Heating practices for steel alloys

Q: Will you offer an outline for heating steel prior to forging?


A: Heating steel is a rather complex process, especially if there are a number of alloy grades being forged. For example, some steels have forging temperatures that are far lower than say a typical 1010 steel that can be safely forged at temperatures of up to 2,450°F without metallurgical consequences, as long as the steel is well worked after heating.

As the carbon levels increase, the maximum forging temperatures decrease. …

Note that these maximum forging temperatures are considered valid for steel that is going to be forged with a significant level of reduction (over 25%). Also, some grades include sulfur additions that can promote further adjustments in temperatures—generally lower than those listed.

Alloy steels with similar levels of carbon will follow a similar trend, depending on the alloy content. There are similar temperature adjustments for many other alloys, including the various stainless steel grades, as well as iron-based heat-resistant alloys.

Temperatures listed here are for metal; Furnace temperatures can be slightly higher when operating continuous furnaces, and supported with proper temperature correlations made with accurate temperature measurements on actual steel billets. There are some undesirable conditions than may rise from heating steel.

Burning—The worst defect from heating is metallurgical “burning.” This happens when steel is heated well above the proper temperature and some of its constituents begin to melt. No matter how much deformation is imparted to such steel, it will never be useable and obviously should be scrapped. Burned forgings can be identified by various means, including fracture testing, etching of the forgings in acid, mechanical testing, etc.

Overheating—The “next worst” heating defect is metallurgical overheating. This is where the steel is heated to a forging temperature that is high enough to result in extra large grain size and the subsequent forging reductions are not sufficient to break up the grain sizes with dynamic recrystallization. This is a more difficult condition to identify by visually, requiring a metallurgical investigation. The most common way of determining the presence of overheated steel is the fracture test where shiny “facets” are visible on the fracture surface. An experienced metallurgist can identify the condition on observing the fractured surfaces.
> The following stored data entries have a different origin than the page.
lemma subspace_localized_multiples:
  assumes "prime_ideal P" "ideal I"
  shows "subspace (localized_multiples P I x)"
  unfolding subspace_def localized_multiples_def
proof (intro conjI ballI allI CollectI)
  have "1 \<notin> P \<and> 0 \<in> I \<and> 1 *s 0 = 0 *s x"
    using assms by (simp add: prime_ideal_iff ideal_def)
  then show "\<exists>t a. t \<notin> P \<and> a \<in> I \<and> t *s 0 = a *s x" by blast
next
  fix v w assume "v \<in> {v. \<exists>t a. t \<notin> P \<and> a \<in> I \<and> t *s v = a *s x}"
    "w \<in> {v. \<exists>t a. t \<notin> P \<and> a \<in> I \<and> t *s v = a *s x}"
  then obtain t a s b where ta: "t \<notin> P" "a \<in> I" "t *s v = a *s x"
    and sb: "s \<notin> P" "b \<in> I" "s *s w = b *s x"
    by blast
  have "(s * t) *s (v + w) = s *s (t *s v) + t *s (s *s w)"
    by (simp add: scale_right_distrib mult.commute)
  also have "\<dots> = (s * a + t * b) *s x"
    by (simp add: ta(3) sb(3) scale_left_distrib)
  finally have "s * t \<notin> P \<and> s * a + t * b \<in> I \<and> (s * t) *s (v + w) = (s * a + t * b) *s x"
    using assms ta sb by (simp add: prime_ideal_mult_notin ideal_mult_left ideal_def)
  then show "\<exists>t a. t \<notin> P \<and> a \<in> I \<and> t *s (v + w) = a *s x" by blast
next
  fix c v assume "v \<in> {v. \<exists>t a. t \<notin> P \<and> a \<in> I \<and> t *s v = a *s x}"
  then obtain t a where "t \<notin> P" "a \<in> I" "t *s v = a *s x" by blast
  then have "t \<notin> P \<and> c * a \<in> I \<and> t *s (c *s v) = (c * a) *s x"
    using assms(2) by (simp add: ideal_mult_left scale_left_commute flip: scale_scale)
  then show "\<exists>t a. t \<notin> P \<and> a \<in> I \<and> t *s (c *s v) = a *s x" by blast
qed

lemma localized_multiples_scale:
  assumes "ideal I" "c \<in> I" "v \<in> localized_multiples P UNIV x"
  shows "c *s v \<in> localized_multiples P I x"
proof -
  obtain t a where "t \<notin> P" "t *s v = a *s x"
    using assms(3) by (auto simp: localized_multiples_def)
  then have "t \<notin> P \<and> c * a \<in> I \<and> t *s (c *s v) = (c * a) *s x"
    using assms(1,2) by (simp add: ideal_mult_right scale_left_commute flip: scale_scale)
  then show ?thesis by (auto simp: localized_multiples_def)
qed

lemma localized_multiples_UNIV_trans:
  assumes "prime_ideal P" "v \<in> localized_multiples P UNIV x" "x \<in> localized_multiples P UNIV y"
  shows "v \<in> localized_multiples P UNIV y"
proof -
  obtain t a s b where "t \<notin> P" "t *s v = a *s x" "s \<notin> P" "s *s x = b *s y"
    using assms(2,3) by (auto simp: localized_multiples_def)
  then have "s * t \<notin> P \<and> (s * t) *s v = (a * b) *s y"
    using assms(1) by (simp add: prime_ideal_mult_notin scale_left_commute flip: scale_scale)
  then show ?thesis by (auto simp: localized_multiples_def)
qed

lemma generates_localization_perturb:
  assumes P: "prime_ideal P" and gen: "generates_localization P x"
    and "e \<notin> P" and "m \<in> localized_multiples P P x"
  shows "generates_localization P (e *s x + m)"
proof -
  obtain t a where "t \<notin> P" "a \<in> P" "t *s m = a *s x"
    using assms(4) by (auto simp: localized_multiples_def)
  then have "t * e + a \<notin> P \<and> (t * e + a) *s x = t *s (e *s x + m)"
    using P \<open>e \<notin> P\<close>
    by (simp add: prime_ideal_mult_notin ideal_add_notin prime_ideal_iff scale_left_distrib
        scale_right_distrib)
  then have "x \<in> localized_multiples P UNIV (e *s x + m)"
    by (auto simp: localized_multiples_def)
  then show ?thesis
    using gen localized_multiples_UNIV_trans[OF P] unfolding generates_localization_def by blast
qed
For critical forgings (drive shafts, crankshafts, spindles, landing gears, and the like) it is not uncommon to design the forgings with an extension that can be fractured (after notching) and studying the fractured surfaces for signs of the telltale facets. (Hint: They appear like rock candy.)
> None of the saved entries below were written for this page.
lemma eigenfunctions_deg_orthogonal:
  assumes hg: "hypergraph V E" and deg: "\<forall>v\<in>V. hdeg E v \<ge> 1"
    and f: "\<forall>v\<in>V. laplacian V E f v = l * f v"
    and g: "\<forall>v\<in>V. laplacian V E g v = m * g v"
    and "l \<noteq> m"
  shows "deg_inner V E f g = 0"
proof -
  have "l * deg_inner V E f g = deg_inner V E (laplacian V E f) g"
    unfolding deg_inner_def using f by (simp add: sum_distrib_left algebra_simps)
  also have "\<dots> = edge_inner E f g" by (rule deg_inner_laplacian[OF hg deg])
  also have "\<dots> = edge_inner E g f" unfolding edge_inner_def by (simp add: mult.commute)
  also have "\<dots> = deg_inner V E (laplacian V E g) f" by (rule deg_inner_laplacian[OF hg deg, symmetric])
  also have "\<dots> = m * deg_inner V E f g"
    unfolding deg_inner_def using g by (simp add: sum_distrib_left algebra_simps)
  finally have "(l - m) * deg_inner V E f g = 0" by (simp add: algebra_simps)
  then show ?thesis using \<open>l \<noteq> m\<close> by simp
qed

lemma deg_inner_self_nonneg: "deg_inner V E f f \<ge> 0"
  unfolding deg_inner_def mult.assoc by (intro sum_nonneg) simp

lemma deg_inner_self_pos:
  assumes "finite V" "\<forall>v\<in>V. hdeg E v \<ge> 1" "v \<in> V" "f v \<noteq> 0"
  shows "deg_inner V E f f > 0"
proof -
  have "hdeg E v \<ge> 1" using assms by blast
  then have "0 < real (hdeg E v) * (f v * f v)"
    using \<open>f v \<noteq> 0\<close> by (auto simp: zero_less_mult_iff linorder_neq_iff)
  also have "\<dots> \<le> deg_inner V E f f"
    unfolding deg_inner_def mult.assoc using assms by (intro member_le_sum) auto
  finally show ?thesis .
qed

lemma sum_fun_apply: "sum F T x = (\<Sum>t\<in>T. F t x)" for F :: "'b \<Rightarrow> 'a \<Rightarrow> real"
  by (induction T rule: infinite_finite_induct) auto

lemma vector_space_real_fun: "vector_space (\<lambda>r (f::'a \<Rightarrow> real) x. r * f x)"
  by unfold_locales (auto simp: fun_eq_iff algebra_simps)

text \<open>Such a family is linearly independent in a space of dimension card V.\<close>

lemma finite_deg_orthogonal_family:
  assumes fin: "finite V"
    and pos: "\<And>f. f \<in> F \<Longrightarrow> deg_inner V E f f > 0"
    and orth: "\<And>f g. f \<in> F \<Longrightarrow> g \<in> F \<Longrightarrow> f \<noteq> g \<Longrightarrow> deg_inner V E f g = 0"
    and supp: "\<And>f x. f \<in> F \<Longrightarrow> x \<notin> V \<Longrightarrow> f x = 0"
  shows "finite F"
proof -
  interpret fun_space: vector_space "\<lambda>r (f::'a \<Rightarrow> real) x. r * f x" by (rule vector_space_real_fun)
  have "fun_space.independent F"
    unfolding fun_space.independent_explicit_finite_subsets
  proof (intro allI impI ballI)
    fix T u w
    assume T: "T \<subseteq> F" "finite T" and "(\<Sum>t\<in>T. (\<lambda>x. u t * t x)) = 0" and w: "w \<in> T"
    then have "0 = deg_inner V E (\<Sum>t\<in>T. (\<lambda>x. u t * t x)) w" unfolding deg_inner_def by simp
    also have "\<dots> = (\<Sum>t\<in>T. u t * deg_inner V E t w)"
      unfolding deg_inner_def sum_fun_apply
      by (simp add: sum_distrib_left sum_distrib_right algebra_simps sum.swap[of _ V])
    also have "\<dots> = (\<Sum>t\<in>{w}. u t * deg_inner V E t w)"
      using T w orth by (intro sum.mono_neutral_right) auto
    finally show "u w = 0" using T w pos by force
  qed
  moreover have "F \<subseteq> fun_space.span ((\<lambda>v x. if x = v then 1 else 0) ` V)"
  proof
    fix f assume "f \<in> F"
    have "f = (\<Sum>v\<in>V. (\<lambda>x. f v * (if x = v then 1 else 0)))"
      unfolding fun_eq_iff sum_fun_apply using fin supp[OF \<open>f \<in> F\<close>]
      by (auto simp: if_distrib cong: if_cong)
    also have "\<dots> \<in> fun_space.span ((\<lambda>v x. if x = v then 1 else 0) ` V)"
      by (intro fun_space.span_sum fun_space.span_scale fun_space.span_base) auto
    finally show "f \<in> fun_space.span ((\<lambda>v x. if x = v then 1 else 0) ` V)" .
  qed
  ultimately show ?thesis using fun_space.independent_span_bound fin by blast
qed

lemma finite_eigenvalues:
  assumes hg: "hypergraph V E" and deg: "\<forall>v\<in>V. hdeg E v \<ge> 1"
  shows "finite {l. is_eigenvalue V E l}"
proof -
  have fin: "finite V" using hg unfolding hypergraph_def by simp
  define S where "S = {l. is_eigenvalue V E l}"
  define eigen where "eigen l f \<longleftrightarrow> (\<exists>v\<in>V. f v \<noteq> 0) \<and> (\<forall>v\<in>V. laplacian V E f v = l * f v)
    \<and> (\<forall>x. x \<notin> V \<longrightarrow> f x = 0)" for l f
  have "\<forall>l\<in>S. \<exists>f. eigen l f"
  proof
    fix l assume "l \<in> S"
    then obtain f where f: "\<exists>v\<in>V. f v \<noteq> 0" "\<forall>v\<in>V. laplacian V E f v = l * f v"
      unfolding S_def is_eigenvalue_def by blast
    have "laplacian V E (\<lambda>x. if x \<in> V then f x else 0) v = laplacian V E f v" if "v \<in> V" for v
      using that unfolding laplacian_def by simp
    then show "\<exists>f. eigen l f"
      using f unfolding eigen_def by (intro exI[of _ "\<lambda>x. if x \<in> V then f x else 0"]) auto
  qed
  then obtain \<phi> where \<phi>: "\<And>l. l \<in> S \<Longrightarrow> eigen l (\<phi> l)" by (meson bchoice)
  have pos: "deg_inner V E (\<phi> l) (\<phi> l) > 0" if "l \<in> S" for l
    using \<phi>[OF that] deg_inner_self_pos[OF fin deg] unfolding eigen_def by blast
  have orth: "deg_inner V E (\<phi> l) (\<phi> m) = 0" if "l \<in> S" "m \<in> S" "l \<noteq> m" for l m
    using eigenfunctions_deg_orthogonal[OF hg deg _ _ that(3)] \<phi>[OF that(1)] \<phi>[OF that(2)]
    unfolding eigen_def by blast
  have "inj_on \<phi> S"
  proof (rule inj_onI)
    fix l m assume "l \<in> S" "m \<in> S" "\<phi> l = \<phi> m"
    then show "l = m" using pos[of l] orth[of l m] by (metis less_irrefl)
  qed
  moreover have "finite (\<phi> ` S)"
  proof (rule finite_deg_orthogonal_family[OF fin])
    show "\<And>f x. f \<in> \<phi> ` S \<Longrightarrow> x \<notin> V \<Longrightarrow> f x = 0" using \<phi> unfolding eigen_def by blast
  qed (use pos orth in auto)
  ultimately show ?thesis using finite_imageD unfolding S_def by blast
qed

lemma edge_inner_scale:
  "edge_inner E (\<lambda>x. a * f x) (\<lambda>x. a * f x) = a\<^sup>2 * edge_inner E f f"
  unfolding edge_inner_def edge_sum_def
  by (simp add: sum_distrib_left[symmetric] power2_eq_square algebra_simps)

lemma deg_inner_scale:
  "deg_inner V E (\<lambda>x. a * f x) (\<lambda>x. a * f x) = a\<^sup>2 * deg_inner V E f f"
  unfolding deg_inner_def by (simp add: sum_distrib_left power2_eq_square algebra_simps)

lemma edge_inner_restrict:
  assumes "hypergraph V E"
  shows "edge_inner E (\<lambda>x. if x \<in> V then f x else 0) (\<lambda>x. if x \<in> V then f x else 0)
    = edge_inner E f f"
proof -
  have "edge_sum (\<lambda>x. if x \<in> V then f x else 0) e = edge_sum f e" if "e \<in> E" for e
    using assms that unfolding hypergraph_def edge_sum_def by (intro sum.cong) auto
  then show ?thesis unfolding edge_inner_def by simp
qed

lemma deg_inner_restrict:
  "deg_inner V E (\<lambda>x. if x \<in> V then f x else 0) (\<lambda>x. if x \<in> V then f x else 0) = deg_inner V E f f"
  unfolding deg_inner_def by simp

definition deg_normalize :: "'a set \<Rightarrow> 'a set set \<Rightarrow> ('a \<Rightarrow> real) \<Rightarrow> 'a \<Rightarrow> real" where
  "deg_normalize V E f x = (if x \<in> V then f x / sqrt (deg_inner V E f f) else 0)"

lemma deg_normalize_scaled:
  "deg_normalize V E f = (\<lambda>x. if x \<in> V then 1 / sqrt (deg_inner V E f f) * f x else 0)"
  unfolding deg_normalize_def by auto

lemma inner_deg_normalize:
  assumes "hypergraph V E" "deg_inner V E f f > 0"
  shows "deg_inner V E (deg_normalize V E f) (deg_normalize V E f) = 1"
    and "edge_inner E (deg_normalize V E f) (deg_normalize V E f) = edge_inner E f f / deg_inner V E f f"
proof -
  define a where "a = 1 / sqrt (deg_inner V E f f)"
  have a2: "a\<^sup>2 = 1 / deg_inner V E f f" using assms(2) unfolding a_def by (simp add: power_divide)
  have n: "deg_normalize V E f = (\<lambda>x. if x \<in> V then a * f x else 0)"
    unfolding deg_normalize_scaled a_def ..
  show "deg_inner V E (deg_normalize V E f) (deg_normalize V E f) = 1"
    using assms(2) unfolding n deg_inner_restrict deg_inner_scale a2 by simp
  show "edge_inner E (deg_normalize V E f) (deg_normalize V E f) = edge_inner E f f / deg_inner V E f f"
    unfolding n edge_inner_restrict[OF assms(1)] edge_inner_scale a2 by simp
qed

lemma abs_deg_normalize_le_1:
  assumes "hypergraph V E" "\<forall>v\<in>V. hdeg E v \<ge> 1" "deg_inner V E f f > 0"
  shows "\<bar>deg_normalize V E f x\<bar> \<le> 1"
proof (cases "x \<in> V")
  case True
  define a where "a = 1 / sqrt (deg_inner V E f f)"
  have "f x * f x \<le> real (hdeg E x) * f x * f x"
    using assms True mult_right_mono[of 1 "real (hdeg E x)" "f x * f x"] by (simp add: mult.assoc)
  then have "a\<^sup>2 * (f x * f x) \<le> a\<^sup>2 * (real (hdeg E x) * f x * f x)"
    by (rule mult_left_mono) simp
  then have "(a * f x)\<^sup>2 \<le> a\<^sup>2 * (real (hdeg E x) * f x * f x)"
    by (simp add: power_mult_distrib power2_eq_square mult_ac)
  also have "\<dots> \<le> a\<^sup>2 * deg_inner V E f f"
    unfolding deg_inner_def using assms True
    by (intro mult_left_mono member_le_sum) (auto simp: mult.assoc hypergraph_def)
  also have "\<dots> = 1" using assms unfolding a_def by (simp add: power_divide)
  finally show ?thesis using True unfolding deg_normalize_scaled a_def by (simp add: abs_square_le_1)
qed (simp add: deg_normalize_def)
Furnaces for heating steels vary among simple box-type designs with one, two, or three zones. The one- or two-zone furnaces may be front-loaded or back-loaded, and manually loaded and/or operated with pusher-type systems that continuously heat steel billets on a hearth of refractory or skid rails. The cold stock is pushed through and causes the heated steel billets to drop out the hot end of the furnaces.

Rotary furnaces are used to allow a heater to load billets into the furnace and, at the same time withdraw a heated billet to be transferred to a hammer or press. These are most commonly used in hammer shops

There are other kinds of continuous furnaces; the most popular are induction heating furnaces where the steel billets are loaded automatically in one end of a single or multi-part coil arrangement to heat the billet to forging temperatures. These are commonly used in press forging shops.
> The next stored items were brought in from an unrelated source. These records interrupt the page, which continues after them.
(* Let $\tau\in\Gamma_S^\infty$ be a tree with a unique infinite spine, and suppose that its Hausdorff dimension $d_h$, its hull dimension $\bar d_h$ and its spectral dimension $d_s$ all exist (in the strong senses defined in the context). Then $$\frac{2d_h}{1+d_h}\;\le\; d_s\;\le\;\frac{2\bar d_h}{1+\bar d_h}.$$
   Context: $\Gamma$ is the set of planar (ordered) rooted, locally finite trees whose root $r$ has degree one. $\Gamma_S^\infty\subset\Gamma$ is the set of infinite trees in $\Gamma$ containing exactly one infinite non-backtracking path starting at $r$, called the spine; its vertices, ordered away from $r$, are $s_1,s_2,s_3,\dots$ (set $s_0=r$). For a graph $G$, $|G|$ denotes its number of edges. For $R\ge1$, the ball $\mathcal B_R$ is the subgraph of $\tau$ spanned by the vertices at graph distance at most $R$ from $r$. For $i\ge1$, $\mathcal A^i$ is the connected component containing $s_i$ of the graph obtained from $\tau$ by deleting the spine edges $\{s_{i-1},s_i\}$ and $\{s_i,s_{i+1}\}$ (i.e. $s_i$ together with the finite trees attached to it). The hull $\bar{\mathcal B}_R$ is the union of the spine path from $r$ to $s_R$ and $\mathcal A^1,\dots,\mathcal A^R$; thus $|\bar{\mathcal B}_R|=R+\sum_{i=1}^R|\mathcal A^i|$ and $\mathcal B_R\subseteq\bar{\mathcal B}_R$. A positive measurable function $L$ is slowly varying at infinity if $L(\lambda R)/L(R)\to1$ as $R\to\infty$ for every $\lambda>0$; $l$ is slowly varying at $0^+$ if $x\mapsto l(1/x)$ is slowly varying at infinity. The Hausdorff dimension $d_h$ of $\tau$ exists (strong sense) if there are $R_0>0$ and functions $\underline L,\bar L$ slowly varying at infinity such that $R^{d_h}\underline L(R)<|\mathcal B_R|<R^{d_h}\bar L(R)$ for all $R>R_0$. The hull dimension $\bar d_h$ is defined in the same way with $\bar{\mathcal B}_R$ in place of $\mathcal B_R$. Consider simple random walk on $\tau$ (at each step it jumps to a uniformly chosen neighbour), started at $r$. For $x\in(0,1]$ let $Q_\tau(x)=\sum_{t\ge0}\mathbb P(\omega(t)=r\mid\omega(0)=r)(1-x)^{t/2}$ be the generating function of return probabilities. The spectral dimension $d_s$ of $\tau$ exists (strong sense) if there are $x_0\in(0,1)$ and functions $\underline l,\bar l$ slowly varying at $0^+$ with $x^{-1+d_s/2}\underline l(x)<Q_\tau(x)<x^{-1+d_s/2}\bar l(x)$ for all $x<x_0$. *)

theory Defs
  imports "HOL-Analysis.Analysis"
begin

text \<open>A planar (ordered) rooted locally finite tree is encoded as a set of
vertices of type nat list: the root is [], the children of v are v@[0], v@[1], ...
(in planar order).  The edges are exactly the pairs (v, v@[i]).\<close>

definition planar_tree :: "nat list set \<Rightarrow> bool" where
  "planar_tree T \<longleftrightarrow>
     [] \<in> T \<and>
     (\<forall>v w. v @ w \<in> T \<longrightarrow> v \<in> T) \<and>
     (\<forall>v i. v @ [Suc i] \<in> T \<longrightarrow> v @ [i] \<in> T) \<and>
     (\<forall>v\<in>T. finite {i. v @ [i] \<in> T})"

text \<open>The class Gamma: root has degree one (its only child is [0]).\<close>
definition Gamma :: "nat list set \<Rightarrow> bool" where
  "Gamma T \<longleftrightarrow> planar_tree T \<and> [0] \<in> T \<and> [1] \<notin> T"

text \<open>Infinite non-backtracking paths starting at the root: in a tree these
always move from a vertex to one of its children.\<close>
definition ray :: "nat list set \<Rightarrow> (nat \<Rightarrow> nat list) \<Rightarrow> bool" where
  "ray T f \<longleftrightarrow> f 0 = [] \<and> (\<forall>k. f (Suc k) \<in> T \<and> (\<exists>i. f (Suc k) = f k @ [i]))"

definition Gamma_S_inf :: "nat list set \<Rightarrow> bool" where
  "Gamma_S_inf T \<longleftrightarrow> Gamma T \<and> infinite T \<and> (\<exists>!f. ray T f)"

definition spine :: "nat list set \<Rightarrow> nat \<Rightarrow> nat list" where
  "spine T = (THE f. ray T f)"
There are different types of induction systems using slot coils, solenoid coils (circular elongated coils), channel coils (for localized heating), and various generator systems. These systems usually are controlled with radiation pyrometers focused on the billets as they are discharged from the last coil.

For more than 40 years H. James Henning held key technical positions in the forging industry, including as director of technology for the Forging Industry Association, and as president of Henning Education Services, a Columbus, OH, firm specializing in customized education and training in forging technologies.

Guidelines and recommendations offered in this column are based on information believed to be reliable and are supplied in good faith but without guarantee. Operational conditions that exist in individual plants and facilities vary widely. Users of this information should adapt it, and always exercise independent discretion in establishing plant or facility operating practice.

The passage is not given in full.